Dataset — the test unit: a corpus + metadata + how to evaluate it. Datasets are reusable; multiple configs can reference the same dataset by id.
Corpus — the body of text inside a dataset (the .txt file).
Config — a runnable benchmark recipe (a yaml file). Defines run params, the list of dataset ids to evaluate, and the list of models to run. Selected by chaoscypher benchmark run [NAME].

What's measured

For each (model, dataset) pair, one run produces:

Quality — the v7 quality grade (0–100) from chaoscypher_core.services.quality.QualityScorer, the same scorer ChaosCypher uses in production. The headline number per model is the unweighted mean across the datasets the model succeeded on.
Speed — median LLM latency per chunk in milliseconds.
Cost — USD cost for the run. Local Ollama models cost $0; commercial models look up (provider, model) in the dated price registry shipped with the harness.

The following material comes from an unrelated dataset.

(* For $i\ge1$ let $u^i:[0,1]\to{\bf Q}_2(\mathbb{R})$ be the pluri-diamond with $u^i(1/3)=2[[0]]$ which is a diamond exactly above the closed middle-third intervals removed in the first $i$ steps of the construction of the Cantor ternary set (i.e. above $[1/3,2/3]$ for $i=1$; above $[1/3,2/3],[1/9,2/9],[7/9,8/9]$ for $i=2$; etc.) and is of the form $x\mapsto2[[x+p]]$ on each remaining interval. Write $u^i=[[u^i_{\min}]]+[[u^i_{\max}]]$ with $u^i_{\min}\le u^i_{\max}$. Suppose that along a subsequence $u^i_{\min}\to u_{\min}$ and $u^i_{\max}\to u_{\max}$ uniformly on $[0,1]$, and set $u=[[u_{\min}]]+[[u_{\max}]]$. Then $u$ is a Dirichlet $4$-quasiminimizer on $(0,1)$ (for every interval $(a,b)\subset(0,1)$, $\mathrm{Dir}(u;(a,b))\le4\,\mathrm{Dir}(v;(a,b))$ with $v$ Dirichlet minimizing on $(a,b)$ with $v(a)=u(a)$, $v(b)=u(b)$), and the branch set of $u$ is the Cantor ternary set $T$.
   Context: ${\bf Q}_2(\mathbb{R})$ is the space of unordered pairs $[[x]]+[[y]]$ of reals with metric $\mathcal{G}([[x_1]]+[[x_2]],[[y_1]]+[[y_2]])=\min_\sigma(\sum_i|x_i-y_{\sigma(i)}|^2)^{1/2}$. For Lipschitz $u=[[u_1]]+[[u_2]]$ with $u_1\le u_2$, $\mathrm{Dir}(u;I)=\int_I(u_1')^2+(u_2')^2dx$; Dirichlet minimizing with given endpoint values means minimizing $\mathrm{Dir}$ among (Sobolev) ${\bf Q}_2(\mathbb{R})$-valued maps with those endpoint values. A diamond above $[a,b]$ is a map whose graph is the parallelogram with vertices $(a,h),((a+b)/2,h),((a+b)/2,h+(b-a)/2),(b,h+(b-a)/2)$ for some $h\in\mathbb{R}$. A pluri-diamond is a continuous $u:[0,1]\to{\bf Q}_2(\mathbb{R})$ admitting a partition of $[0,1]$ into intervals on each of which $u$ is a diamond or of the form $x\mapsto2[[x+p]]$, $p\in\mathbb{R}$. For a continuous multiple-valued $u$, let $\sigma(x)=\mathrm{card}(\mathrm{spt}\,u(x))$; the branch set of $u$ is the set of points where $\sigma$ is discontinuous. $T=\bigcap_iT_i$ with $T_1=[0,1/3]\cup[2/3,1]$, $T_2=[0,1/9]\cup[2/9,1/3]\cup[2/3,7/9]\cup[8/9,1]$, etc. *)

theory Defs
  imports "HOL-Analysis.Analysis"
begin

Full-pipeline scoring (v2)

chaoscypher benchmark run full runs three stages and scores each:

Extraction — the v7 quality grade described above.
Embedding retrieval (scorer v1) — each (extractor, embedder) graph is queried with the dataset's labeled queries; the headline score is MRR × 100, with Recall@1 and Recall@3 reported alongside.
GraphRAG chat (scorer v1) — an LLM judge scores each answer for faithfulness (0–5), correctness (0–5), and refusal correctness (whether out-of-scope questions were properly declined); the headline is the weighted mean (faithfulness 0.4, correctness 0.4, refusal 0.2) scaled to 0–100.

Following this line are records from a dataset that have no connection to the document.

theorem proposition3p3:
  shows "(\<forall>P\<in>P2. card (lines_through bitangent_arr P) \<le> 4)
     \<and> n_pts bitangent_arr 2 = 240
     \<and> n_pts bitangent_arr 3 = 32
     \<and> n_pts bitangent_arr 4 = 7"
proof -
  have le4: "\<forall>P\<in>P2. card (lines_through bitangent_arr P) \<le> 4"
    using lines_through_bitangent_arr_le_4 by blast
  have n3: "n_pts bitangent_arr 3 = 32" and n4: "n_pts bitangent_arr 4 = 7"
    using n_pts_bitangent_arr_special special_points_shape(3,4) by simp_all
  have "bitangent_line i \<noteq> (0, 0, 0)" if "i < 28" for i
    using bitangent_line_is_bitangent[OF that] by (simp add: bitangent48_def)
  then have fin: "finite bitangent_arr" and sub: "bitangent_arr \<subseteq> P2"
    unfolding bitangent_arr_eq using proj_class_in_P2 by blast+
  have "card bitangent_arr = 28"
    unfolding bitangent_arr_eq by (simp add: card_image inj_on_bitangent_line_class)
  then have "n_pts bitangent_arr 2 + 3 * 32 + 6 * 7 = 28 choose 2"
    using arrangement_count_pairs[OF fin sub] sum_choose_2_by_multiplicity[OF finite_multiple_points[OF fin sub] le4]
    by (simp add: n_pts_def n3[unfolded n_pts_def] n4[unfolded n_pts_def])
  then have "n_pts bitangent_arr 2 = 240" by (simp add: binomial_eq_0 numeral_eq_Suc)
  with le4 n3 n4 show ?thesis by blast
qed

end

Composite "Overall" column

Whenever extraction rows are present, the rendered leaderboard leads with a unified Overall Leaderboard — one row per extractor LLM, with a weighted composite across five dimensions. Default weights (overridable via the config's weights: key):

Dimension	Default weight	Source
Extraction	0.40	v7 quality grade (mean across datasets)
Retrieval	0.20	embedding-retrieval headline for the pinned `defaults.embedder`
Chat	0.20	chat headline for the pinned `defaults.embedder` + `defaults.chat`
Speed	0.10	per-chunk latency normalized against fixed anchors (500 ms → 100, 30,000 ms → 0)
Cost	0.10	total run cost normalized against a fixed $1.00 anchor (free → 100)

Speed and cost use fixed anchors (absolute, not relative) so a model's Overall does not move when the field of competitors changes. Dimensions that were not run drop out and the remaining weights are renormalized — an extraction-only run still gets an Overall from extraction + speed + cost. The config's defaults: key pins which embedder and chat candidate are held fixed when attributing retrieval/chat scores back to an extractor.

What's not measured (yet)

Factual correctness against a ground truth. The v7 score is intrinsic — it rewards rich descriptions, well-justified relationships, balanced graph topology, and absence of structural noise (hub skew, reciprocal duplicates, low-quality items). It does not compare extracted entities to a curated answer key. A model that confidently produces 100 well-described, well-justified, but factually wrong entities can score well. This is a known limitation; adding gold sets per dataset is the v1.5 step.
Raw model capability. The v7 score is calculated on the post-normalized, pre-commit graph — after the import pipeline's deduplication, entity normalization, type rescue, evidence validation, and entity cleaning (enable_normalization=True), which is what a real import commits. This reflects what users actually get, but it also means the cleanup pipeline can carry a weak model: a model that emits 100 noisy entities (80 discarded by the cleaner) can score similarly to one that emits 22 clean ones. A raw-vs-cleaned amplification ratio is a v1.5 feature.
Variance. Single shot per (model, dataset) at temperature=0 with a fixed seed. Two models within a few grade points of each other should be considered tied; if a tie matters operationally, re-run those two specifically.
Cross-host hardware variance for local models. Speed numbers depend on the host. Cross-host comparisons are advisory; same-host re-runs are the trustworthy comparison.

Reproducibility

Every result row pins:

benchmark_version — the harness version (currently 2.0).
dataset_version — bumps when a dataset's corpus or domain template changes.
scorer_version — currently 7.
seed and temperature — deterministic decoding parameters.
config_name — the named config (e.g. extraction, quick) that produced the row.
dataset_source — builtin (ships in the pip package) or user (user overlay in the data dir).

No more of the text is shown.